The official implementation of CMX: Cross-Modal Fusion for RGB-X Semantic Segmentation with Transformers: More details can be found in our paper [PDF].
- Requirements
- Python 3.7+
- PyTorch 1.7.0 or higher
- CUDA 10.2 or higher
We have tested the following versions of OS and softwares:
- OS: Ubuntu 18.04.6 LTS
- CUDA: 10.2
- PyTorch 1.8.2
- Python 3.8.11
- Install all dependencies.
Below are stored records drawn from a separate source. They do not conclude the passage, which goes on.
definition linear_action :: "nat \<Rightarrow> ((nat \<times> nat \<Rightarrow> 'k::field) \<Rightarrow> (path \<Rightarrow> 'k) \<Rightarrow> (path \<Rightarrow> 'k)) \<Rightarrow> bool" where
  "linear_action n \<rho> \<longleftrightarrow>
     bij_betw (gact \<rho>) (Aset n) (Aset n) \<and>
     (\<forall>p. valid_path n p \<longrightarrow> (\<forall>q. gact \<rho> (sing p) q \<noteq> 0 \<longrightarrow> plen q = plen p)) \<and>
     (\<forall>i<n. \<exists>j<n. gact \<rho> (vtx i) = vtx j) \<and>
     (\<forall>i<n. \<forall>q. xact \<rho> (vtx i) q \<noteq> 0 \<longrightarrow> plen q = 0) \<and>
     (\<forall>a. aidx a < n \<longrightarrow> (\<forall>q. xact \<rho> (arrow a) q \<noteq> 0 \<longrightarrow> plen q \<le> 1))"

text \<open>Quiver-Taft map, on the span of vertices and arrows: sigma(e_i) = 0 and
  sigma(a) = x.a - gamma_t(a) a + gamma_s(a) lam^-1 (g.a).\<close>
definition sigma_arr :: "nat \<Rightarrow> 'k::field \<Rightarrow> (nat \<Rightarrow> 'k)
     \<Rightarrow> ((nat \<times> nat \<Rightarrow> 'k) \<Rightarrow> (path \<Rightarrow> 'k) \<Rightarrow> (path \<Rightarrow> 'k)) \<Rightarrow> arr \<Rightarrow> path \<Rightarrow> 'k" where
  "sigma_arr n lam \<gamma> \<rho> a = (\<lambda>p. xact \<rho> (arrow a) p - \<gamma> (atgt n a) * arrow a p
                                 + \<gamma> (asrc n a) * inverse lam * gact \<rho> (arrow a) p)"
lemma pseudo_orientation_weights_even:
  assumes A: "annular_angulation p d D alpha sigma bd rt" "p \<noteq> 2" "even d"
    and P: "pseudo_orientation d D alpha sigma bd inn w"
    and M: "minimal_orientation D alpha sigma rt inn" and x: "x \<in> D"
  shows "even (w x)"
proof -
  let ?F = "face alpha sigma bd"
  have "cmap_base D alpha sigma" and F: "bd \<in> D" "rt \<in> D" "card ?F = p" "inj_on (orb sigma) ?F"
    using A(1) unfolding annular_angulation_def is_map_def by simp_all
  then interpret oriented_map alpha sigma D rt inn
    using M by unfold_locales
  have weight: "\<forall>y\<in>D. (inn y \<longrightarrow> 0 < w y) \<and> (\<not> inn y \<longrightarrow> w y = 0)"
    and edge_weight: "\<forall>y\<in>D. w y + w (alpha y) = d - 2"
    and vertex_weight: "\<forall>v\<in>verts D sigma. v \<notin> vertex ` ?F \<longrightarrow> (\<Sum>y\<in>{y\<in>v. inn y}. w y) = d"
    and boundary: "\<forall>y\<in>?F. \<not> inn y \<and> inn (alpha y)"
    using P unfolding pseudo_orientation_def by simp_all
  define H where "H = {y\<in>D. odd (w y)}"
  have "H = {}"
  proof (rule two_way_even_subgraph_empty[OF F(1,4)])
    show "card ?F \<noteq> 2" using F(3) A(2) by simp
    show "\<forall>y\<in>?F. inn (alpha y)" using boundary by blast
    show "H \<subseteq> D" unfolding H_def by blast
    show "\<forall>y\<in>H. alpha y \<in> H \<and> inn y"
    proof
      fix y assume "y \<in> H"
      then have y: "y \<in> D" "odd (w y)" unfolding H_def by simp_all
      have "w y + w (alpha y) = d - 2" using edge_weight y(1) by blast
      moreover have "even (d - 2)" using A(3) by simp
      ultimately have "odd (w (alpha y))" using y(2) by (metis even_add)
      moreover have "inn y" using weight y by (cases "inn y") auto
      ultimately show "alpha y \<in> H \<and> inn y" unfolding H_def using y(1) by simp
    qed
    show "H \<inter> ?F = {}"
    proof (rule ccontr)
      assume "H \<inter> ?F \<noteq> {}"
      then obtain y where "y \<in> ?F" "odd (w y)" unfolding H_def by blast
      moreover have "y \<in> D" using face_subset[OF F(1)] calculation(1) by blast
      ultimately show False using boundary weight by fastforce
    qed
    show "\<forall>v\<in>verts D sigma. v \<notin> vertex ` ?F \<longrightarrow> even (card (H \<inter> v))"
    proof (intro ballI impI)
      fix v assume v: "v \<in> verts D sigma" "v \<notin> vertex ` ?F"
      have v_D: "v \<subseteq> D" using v(1) vertex_subset unfolding verts_def by blast
      then have "finite v" using finite_darts by (rule finite_subset)
      have "\<forall>y\<in>v - {y\<in>v. inn y}. w y = 0" using v_D weight by blast
      then have "(\<Sum>y\<in>v. w y) = (\<Sum>y\<in>{y\<in>v. inn y}. w y)"
        by (intro sum.mono_neutral_right[OF \<open>finite v\<close>]) auto
      then have "even (\<Sum>y\<in>v. w y)" using vertex_weight v A(3) by simp
      moreover have "H \<inter> v = {y\<in>v. odd (w y)}" unfolding H_def using v_D by blast
      ultimately show "even (card (H \<inter> v))" using even_sum_iff[OF \<open>finite v\<close>, of w] by simp
    qed
  qed
  then show ?thesis using x unfolding H_def by blast
qed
Install pytorch, cuda and cudnn, then install other dependencies via:
pip install -r requirements.txt
Orgnize the dataset folder in the following structure:
<datasets>
|-- <DatasetName1>
|-- <RGBFolder>
|-- <name1>.<ImageFormat>
|-- <name2>.<ImageFormat>
...
|-- <ModalXFolder>
|-- <name1>.<ModalXFormat>
|-- <name2>.<ModalXFormat>
...
|-- <LabelFolder>
|-- <name1>.<LabelFormat>
|-- <name2>.<LabelFormat>
...
|-- train.txt
|-- test.txt
|-- <DatasetName2>
|-- ...
train.txt
contains the names of items in training set, e.g.:
<name1>
<name2>
...
For RGB-Depth semantic segmentation, the generation of HHA maps from Depth maps can refer to https://github.com/charlesCXK/Depth2HHA-python.
-
Pretrain weights:
Download the pretrained segformer here pretrained segformer.
-
Config
Edit config file in
configs.py
, including dataset and network settings. -
Run multi GPU distributed training:
$ CUDA_VISIBLE_DEVICES="GPU IDs" python -m torch.distributed.launch --nproc_per_node="GPU numbers you want to use" train.py
- The tensorboard file is saved in
log_<datasetName>_<backboneSize>/tb/
directory. - Checkpoints are stored in
log_<datasetName>_<backboneSize>/checkpoints/
directory.
Run the evaluation by:
CUDA_VISIBLE_DEVICES="GPU IDs" python eval.py -d="Device ID" -e="epoch number or range"
If you want to use multi GPUs please specify multiple Device IDs (0,1,2...).
We offer the pre-trained weights on different RGBX datasets (Some weights are not avaiable yet, Due to the difference of training platforms, these weights may not be correctly loaded.):
Architecture | Backbone | mIOU(SS) | mIOU(MS & Flip) | Weight |
---|---|---|---|---|
CMX (SegFormer) | MiT-B2 | 54.1% | 54.4% | NYU-MiT-B2 |
CMX (SegFormer) | MiT-B4 | 56.0% | 56.3% | |
CMX (SegFormer) | MiT-B5 | 56.8% | 56.9% |
Architecture | Backbone | mIOU | Weight |
---|---|---|---|
CMX (SegFormer) | MiT-B2 | 58.2% | MFNet-MiT-B2 |
CMX (SegFormer) | MiT-B4 | 59.7% |
Architecture | Backbone | mIOU | Weight |
---|---|---|---|
CMX (SegFormer) | MiT-B2 | 61.3% | ScanNet-MiT-B2 |
Architecture | Backbone | mIOU | Weight |
---|---|---|---|
CMX (SegFormer) | MiT-B4 | 64.28% | RGBE-MiT-B4 |
If you find this repo useful, please consider referencing the following paper:
@article{liu2022cmx,
title={CMX: Cross-Modal Fusion for RGB-X Semantic Segmentation with Transformers},
author={Liu, Huayao and Zhang, Jiaming and Yang, Kailun and Hu, Xinxin and Stiefelhagen, Rainer},
journal={arXiv preprint arXiv:2203.04838},
year={2022}
}
Our code is heavily based on TorchSeg and SA-Gate, thanks for their excellent work!